No harm intended. Furthermore,
she’s got this far and lived her life using these words and isn’t liable to
change at this late stage. So does this
mean that we should merely accept it when older people use language that we
deem to be sexist, racist, homophobic etc?
Is age really a valid excuse for saying things that other people may
find offensive?
The reason I ask is because an eighty year old soap star is
currently being slated for saying that victims of sexual abuse are paying for
sins committed in past lives. Not
surprisingly, this has caused outrage, particularly amongst victims of abuse
and organisations that support them.
However, there are those who are leaping to his defence and stating that
he should not be vilified for this abhorrent point of view because of his
age. Call me a social fascist if you
like but I don’t think that age is any excuse, unless of course there are other
underlying medical things going on (such as Alzheimer’s or autism). To me, if a person fully understands what
they are saying and what is going on in the world around them then they are
responsible for their behaviour. This
rule should apply whether the person is eighteen or eighty six. To say that they are simply too old to change
is ridiculous. As humans we never stop
learning and part of the learning process involves adapting to the changing
world around us. It may well be
disconcerting to learn that certain words, customs and beliefs we were brought
up with are redundant or no longer acceptable but that’s life.

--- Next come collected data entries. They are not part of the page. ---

(* Let $F$ be a nontrivial finite group, $\tfrac12<p<1$, and let $R_n=((L_n(i))_i,S_n)$ be the stationary random walk on $F\wr\mathbb{Z}$ with parameter $p$. Let $\rho_0=0$ and $\rho_k=\inf\{n>\rho_{k-1}:S_n=0\}$, and for $k\ge1$ let $M_k^+=\max_{0\le j\le\rho_k}S_j$ and $M_k^-=\min_{0\le j\le\rho_k}S_j$. Then for every $k\ge1$, \[\Pr(R_{\rho_k}=\mathrm{id}\mid S_0,S_1,\dots,S_{\rho_k})=|F|^{-(M_k^+-M_k^-+1)}.\]
   Context: Elements of $F\wr\mathbb{Z}$ are pairs $((L(i))_{i\in\mathbb{Z}},x)$ with $L:\mathbb{Z}\to F$ finitely supported and $x\in\mathbb{Z}$; $\mathrm{id}$ has all lamps $\mathrm{id}_F$ and $x=0$. $(S_n)$ is the Markov chain on $\mathbb{Z}$ with $S_0=0$ and $\Pr(S_{n+1}=x+1\mid S_n=x)$ equal to $p,\tfrac12,1-p$ for $x<0,x=0,x>0$ respectively, and $\Pr(S_{n+1}=x-1\mid S_n=x)$ equal to $1-p,\tfrac12,p$ respectively. $(U_n,V_n)_{n\ge1}$ are i.i.d. pairs of independent uniform elements of $F$, independent of $(S_n)$; $L_0\equiv\mathrm{id}_F$, $L_{n+1}(i)=L_n(i)$ for $i\notin\{S_n,S_{n+1}\}$, $L_{n+1}(S_n)=U_{n+1}$, $L_{n+1}(S_{n+1})=V_{n+1}$. The times $\rho_k$ are a.s. finite. *)

theory Defs
  imports "HOL-Probability.Probability" "HOL-Algebra.Group"
begin

definition trans_prob :: "real \<Rightarrow> int \<Rightarrow> int \<Rightarrow> real" where
  "trans_prob p x y =
     (if y = x + 1 then (if x < 0 then p else if x = 0 then 1/2 else 1 - p)
      else if y = x - 1 then (if x < 0 then 1 - p else if x = 0 then 1/2 else p)
      else 0)"

definition path_prob :: "real \<Rightarrow> (nat \<Rightarrow> int) \<Rightarrow> nat \<Rightarrow> real" where
  "path_prob p xs n =
     (if xs 0 = 0 then (\<Prod>j<n. trans_prob p (xs j) (xs (Suc j))) else 0)"

fun lamps :: "'f \<Rightarrow> (nat \<Rightarrow> int) \<Rightarrow> (nat \<Rightarrow> 'f) \<Rightarrow> (nat \<Rightarrow> 'f) \<Rightarrow> nat \<Rightarrow> int \<Rightarrow> 'f" where
  "lamps e s u v 0 = (\<lambda>i. e)"
| "lamps e s u v (Suc n) =
     ((lamps e s u v n)(s n := u (Suc n)))(s (Suc n) := v (Suc n))"

fun rho :: "(nat \<Rightarrow> int) \<Rightarrow> nat \<Rightarrow> nat" where
  "rho s 0 = 0"
| "rho s (Suc k) = (LEAST n. n > rho s k \<and> s n = 0)"

end

theory Submission
  imports Defs
begin

(*
  Given the path S_0, ..., S_m, the lamp at a site visited by time m carries the value
  written at the last time the walker stood on it or left it; distinct visited sites read
  distinct coordinates among the 2m independent uniform lamp choices, and unvisited lamps
  are the identity. So all lamps are off with conditional probability |F|^-(number of
  visited sites), and a nearest-neighbour path from 0 visits exactly Max - Min + 1 sites.

  It remains to see that the event rho_k = m is, up to a null set, decided by S_0, ..., S_m.
  This holds on paths with infinitely many returns to 0 (which also avoids the unspecified
  LEAST in rho), and for p > 1/2 almost every path is such: away from 0 the walk drifts to 0,
  so E[|S_N|; no return in (r, N]] drops by (2p - 1) P(no return in (r, N]) at each step,
  which forces the latter probability to 0.
*)

fun nn_paths :: "nat \<Rightarrow> (nat \<Rightarrow> int) set" where
  "nn_paths 0 = {restrict (\<lambda>_. 0) {..0}}"
| "nn_paths (Suc N) = (\<lambda>(ys, d). ys(Suc N := ys N + d)) ` (nn_paths N \<times> {-1, 1})"

lemma nn_pathsD:
  assumes "ys \<in> nn_paths N"
  shows "ys \<in> extensional {..N}" and "ys 0 = 0" and "\<And>j. j < N \<Longrightarrow> \<bar>ys (Suc j) - ys j\<bar> = 1"
proof -
  have "ys \<in> extensional {..N} \<and> ys 0 = 0 \<and> (\<forall>j<N. \<bar>ys (Suc j) - ys j\<bar> = 1)"
    using assms
  proof (induction N arbitrary: ys)
    case (Suc N)
    then obtain zs d where "zs \<in> nn_paths N" "d \<in> {-1, 1}" "ys = zs(Suc N := zs N + d)"
      by auto
    with Suc.IH show ?case
      by (auto simp: extensional_def less_Suc_eq)
  qed auto
  then show "ys \<in> extensional {..N}" "ys 0 = 0" "\<And>j. j < N \<Longrightarrow> \<bar>ys (Suc j) - ys j\<bar> = 1"
    by auto
qed

lemma finite_nn_paths: "finite (nn_paths N)"
  by (induction N) auto

lemma inj_on_nn_paths_extend:
  "inj_on (\<lambda>(ys, d). ys(Suc N := ys N + d)) (nn_paths N \<times> {-1, 1})"
proof (rule inj_onI, clarify)
  fix ys zs :: "nat \<Rightarrow> int" and d d' :: int
  assume ys: "ys \<in> nn_paths N" and zs: "zs \<in> nn_paths N"
    and eq: "ys(Suc N := ys N + d) = zs(Suc N := zs N + d')"
  have "ys (Suc N) = zs (Suc N)"
    using nn_pathsD(1)[OF ys] nn_pathsD(1)[OF zs] by (simp add: extensional_def)
  then have "ys = zs"
    using eq by (metis fun_upd_triv fun_upd_upd)
  with eq show "ys = zs \<and> d = d'"
    by (metis add_left_cancel fun_upd_same)
qed

lemma path_prob_Suc_upd:
  "path_prob p (ys(Suc N := y)) (Suc N) = path_prob p ys N * trans_prob p (ys N) y"
proof -
  have "(\<Prod>j<N. trans_prob p ((ys(Suc N := y)) j) ((ys(Suc N := y)) (Suc j)))
      = (\<Prod>j<N. trans_prob p (ys j) (ys (Suc j)))"
    by (intro prod.cong) auto
  then show ?thesis
    by (simp add: path_prob_def)
qed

If we want a more tolerant and accepting society we need to
challenge prejudice wherever we find it, even if it feels mean or uncomfortable
to do so. I mean, you can challenge without
being offensive or condescending. You
don’t have to necessarily have to treat them to a lecture about how not to
behave in public but it is always a good idea to patiently explain that some
people may find their words offensive and/ or upsetting. Of course, if you do this you lay yourself
open to being criticised for being intolerant.
You may even get the whole “I fought a war so that we could all be free
to talk the way we like” speech. And
yes, this may be the case. I am not for
a second disputing that the older generation have made and continue to make a valuable
contribution to society. However, this
does not exempt them from having to consider the possible ramifications of what
they say. Just like the rest of us, they
should (as far as is reasonable) ensure that what they say does not offend and
upset other people. Surely this is not
too much to ask of anybody.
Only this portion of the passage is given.